* Records for this task:

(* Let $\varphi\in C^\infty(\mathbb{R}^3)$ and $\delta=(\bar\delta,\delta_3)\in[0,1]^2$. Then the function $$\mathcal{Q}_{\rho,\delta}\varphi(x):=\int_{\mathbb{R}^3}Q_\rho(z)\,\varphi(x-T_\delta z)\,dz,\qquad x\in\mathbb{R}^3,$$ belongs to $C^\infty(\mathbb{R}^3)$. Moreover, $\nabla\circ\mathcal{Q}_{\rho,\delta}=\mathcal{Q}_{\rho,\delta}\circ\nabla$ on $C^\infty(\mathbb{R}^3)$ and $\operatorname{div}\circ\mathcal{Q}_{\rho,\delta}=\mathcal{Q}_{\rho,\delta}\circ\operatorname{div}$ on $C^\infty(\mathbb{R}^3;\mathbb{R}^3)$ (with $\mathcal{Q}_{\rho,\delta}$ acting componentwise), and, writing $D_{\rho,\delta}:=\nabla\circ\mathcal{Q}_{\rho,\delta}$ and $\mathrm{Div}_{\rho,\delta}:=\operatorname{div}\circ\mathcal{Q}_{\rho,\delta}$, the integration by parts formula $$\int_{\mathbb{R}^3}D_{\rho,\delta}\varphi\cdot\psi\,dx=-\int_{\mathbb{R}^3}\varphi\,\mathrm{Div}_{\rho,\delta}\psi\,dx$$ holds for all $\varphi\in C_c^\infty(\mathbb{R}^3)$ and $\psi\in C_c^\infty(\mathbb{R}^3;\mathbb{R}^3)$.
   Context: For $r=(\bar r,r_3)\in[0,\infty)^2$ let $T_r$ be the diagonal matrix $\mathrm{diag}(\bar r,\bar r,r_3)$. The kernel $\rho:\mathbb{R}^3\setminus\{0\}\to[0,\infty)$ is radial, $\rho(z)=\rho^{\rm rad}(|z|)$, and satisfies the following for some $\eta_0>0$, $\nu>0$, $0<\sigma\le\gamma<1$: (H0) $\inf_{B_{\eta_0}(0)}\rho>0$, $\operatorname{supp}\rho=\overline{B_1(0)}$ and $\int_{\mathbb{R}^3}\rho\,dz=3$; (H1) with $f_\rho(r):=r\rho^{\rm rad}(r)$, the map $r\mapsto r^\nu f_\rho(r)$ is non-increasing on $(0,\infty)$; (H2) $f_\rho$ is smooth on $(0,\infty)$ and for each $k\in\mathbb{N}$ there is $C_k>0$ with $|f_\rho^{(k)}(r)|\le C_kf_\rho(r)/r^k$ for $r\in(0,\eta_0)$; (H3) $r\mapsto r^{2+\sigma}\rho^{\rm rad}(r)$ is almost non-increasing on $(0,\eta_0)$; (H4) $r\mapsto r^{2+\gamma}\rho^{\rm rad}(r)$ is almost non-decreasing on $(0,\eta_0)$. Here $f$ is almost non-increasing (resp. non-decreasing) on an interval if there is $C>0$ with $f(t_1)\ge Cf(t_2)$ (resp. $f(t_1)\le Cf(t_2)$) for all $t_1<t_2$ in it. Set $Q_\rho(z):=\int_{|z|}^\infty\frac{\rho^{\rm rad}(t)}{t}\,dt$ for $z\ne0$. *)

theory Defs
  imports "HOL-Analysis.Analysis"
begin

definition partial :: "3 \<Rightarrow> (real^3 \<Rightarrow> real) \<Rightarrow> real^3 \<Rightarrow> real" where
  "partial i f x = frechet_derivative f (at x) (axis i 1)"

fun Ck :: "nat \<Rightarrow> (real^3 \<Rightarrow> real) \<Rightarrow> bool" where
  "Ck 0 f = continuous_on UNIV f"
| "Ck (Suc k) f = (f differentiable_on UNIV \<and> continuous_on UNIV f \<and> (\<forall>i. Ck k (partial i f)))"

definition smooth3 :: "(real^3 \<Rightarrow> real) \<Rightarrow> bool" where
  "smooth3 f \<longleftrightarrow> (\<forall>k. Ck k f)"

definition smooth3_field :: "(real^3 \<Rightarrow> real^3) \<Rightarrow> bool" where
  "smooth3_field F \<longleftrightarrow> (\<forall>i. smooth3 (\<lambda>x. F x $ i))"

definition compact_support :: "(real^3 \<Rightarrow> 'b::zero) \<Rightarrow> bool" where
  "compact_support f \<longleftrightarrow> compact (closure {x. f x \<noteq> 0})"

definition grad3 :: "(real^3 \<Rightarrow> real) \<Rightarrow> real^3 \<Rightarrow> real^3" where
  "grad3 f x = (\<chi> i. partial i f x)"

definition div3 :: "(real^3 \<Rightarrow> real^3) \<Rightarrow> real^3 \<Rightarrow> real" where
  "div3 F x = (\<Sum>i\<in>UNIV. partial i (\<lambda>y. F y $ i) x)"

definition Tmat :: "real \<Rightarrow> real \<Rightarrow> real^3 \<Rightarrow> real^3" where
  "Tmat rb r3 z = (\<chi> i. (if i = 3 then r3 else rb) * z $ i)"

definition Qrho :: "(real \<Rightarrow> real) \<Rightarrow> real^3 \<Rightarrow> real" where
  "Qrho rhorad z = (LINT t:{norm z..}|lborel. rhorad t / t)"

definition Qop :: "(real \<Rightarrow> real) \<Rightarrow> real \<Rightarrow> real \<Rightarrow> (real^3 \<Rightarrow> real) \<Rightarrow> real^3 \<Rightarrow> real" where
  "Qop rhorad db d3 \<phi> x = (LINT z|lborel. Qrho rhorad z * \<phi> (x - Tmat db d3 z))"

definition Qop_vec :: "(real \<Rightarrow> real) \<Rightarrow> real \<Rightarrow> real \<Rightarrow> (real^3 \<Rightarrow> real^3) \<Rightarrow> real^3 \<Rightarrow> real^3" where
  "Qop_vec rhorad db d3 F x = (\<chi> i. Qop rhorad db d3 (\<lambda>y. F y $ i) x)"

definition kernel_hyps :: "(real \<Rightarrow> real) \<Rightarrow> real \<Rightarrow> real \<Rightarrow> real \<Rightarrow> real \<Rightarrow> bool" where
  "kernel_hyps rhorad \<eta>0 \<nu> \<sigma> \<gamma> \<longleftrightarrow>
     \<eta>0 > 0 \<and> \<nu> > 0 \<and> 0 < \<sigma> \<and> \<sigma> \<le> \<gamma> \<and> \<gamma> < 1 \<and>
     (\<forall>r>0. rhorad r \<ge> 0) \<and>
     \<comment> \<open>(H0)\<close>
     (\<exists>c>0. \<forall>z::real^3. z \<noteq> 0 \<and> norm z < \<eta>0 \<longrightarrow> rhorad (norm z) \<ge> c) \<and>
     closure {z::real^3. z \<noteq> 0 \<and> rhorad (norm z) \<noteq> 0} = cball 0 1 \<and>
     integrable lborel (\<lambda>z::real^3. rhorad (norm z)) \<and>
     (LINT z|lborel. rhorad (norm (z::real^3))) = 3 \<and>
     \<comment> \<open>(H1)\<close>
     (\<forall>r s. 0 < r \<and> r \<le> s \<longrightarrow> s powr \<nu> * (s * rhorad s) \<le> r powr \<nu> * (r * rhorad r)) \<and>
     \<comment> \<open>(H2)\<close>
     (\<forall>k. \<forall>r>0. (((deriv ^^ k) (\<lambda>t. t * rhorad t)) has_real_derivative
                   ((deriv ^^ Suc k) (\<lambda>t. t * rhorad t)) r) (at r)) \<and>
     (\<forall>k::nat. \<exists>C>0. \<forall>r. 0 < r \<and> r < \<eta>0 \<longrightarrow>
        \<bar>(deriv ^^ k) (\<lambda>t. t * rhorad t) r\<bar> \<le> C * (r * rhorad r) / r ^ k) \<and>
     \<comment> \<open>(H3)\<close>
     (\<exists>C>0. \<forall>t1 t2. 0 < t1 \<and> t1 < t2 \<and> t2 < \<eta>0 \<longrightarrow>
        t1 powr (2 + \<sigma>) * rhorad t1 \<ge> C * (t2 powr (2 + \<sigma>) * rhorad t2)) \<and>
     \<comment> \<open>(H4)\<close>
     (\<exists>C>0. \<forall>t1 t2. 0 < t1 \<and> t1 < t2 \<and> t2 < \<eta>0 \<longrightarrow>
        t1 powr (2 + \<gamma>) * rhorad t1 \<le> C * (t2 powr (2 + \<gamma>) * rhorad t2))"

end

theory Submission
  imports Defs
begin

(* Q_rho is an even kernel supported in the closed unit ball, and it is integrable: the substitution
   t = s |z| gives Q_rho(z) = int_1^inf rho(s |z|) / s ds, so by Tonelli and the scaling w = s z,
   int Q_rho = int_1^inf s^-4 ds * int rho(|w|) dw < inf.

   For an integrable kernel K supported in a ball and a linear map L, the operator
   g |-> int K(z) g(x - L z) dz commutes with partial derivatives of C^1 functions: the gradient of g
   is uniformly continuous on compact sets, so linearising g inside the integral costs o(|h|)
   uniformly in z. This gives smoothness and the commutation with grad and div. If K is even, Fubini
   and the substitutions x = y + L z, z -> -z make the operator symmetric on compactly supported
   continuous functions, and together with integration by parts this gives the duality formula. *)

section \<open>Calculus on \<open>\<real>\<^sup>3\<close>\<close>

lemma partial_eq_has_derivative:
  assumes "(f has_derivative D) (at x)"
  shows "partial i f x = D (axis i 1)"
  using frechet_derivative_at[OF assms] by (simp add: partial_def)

* Exercise: From the line that has "(\<chi> i. Qop" through the line that has "cball 0 1 \<and>", copy every line exactly as it appears above, and leave out all others.

* Response:
  "Qop_vec rhorad db d3 F x = (\<chi> i. Qop rhorad db d3 (\<lambda>y. F y $ i) x)"

definition kernel_hyps :: "(real \<Rightarrow> real) \<Rightarrow> real \<Rightarrow> real \<Rightarrow> real \<Rightarrow> real \<Rightarrow> bool" where
  "kernel_hyps rhorad \<eta>0 \<nu> \<sigma> \<gamma> \<longleftrightarrow>
     \<eta>0 > 0 \<and> \<nu> > 0 \<and> 0 < \<sigma> \<and> \<sigma> \<le> \<gamma> \<and> \<gamma> < 1 \<and>
     (\<forall>r>0. rhorad r \<ge> 0) \<and>
     \<comment> \<open>(H0)\<close>
     (\<exists>c>0. \<forall>z::real^3. z \<noteq> 0 \<and> norm z < \<eta>0 \<longrightarrow> rhorad (norm z) \<ge> c) \<and>
     closure {z::real^3. z \<noteq> 0 \<and> rhorad (norm z) \<noteq> 0} = cball 0 1 \<and>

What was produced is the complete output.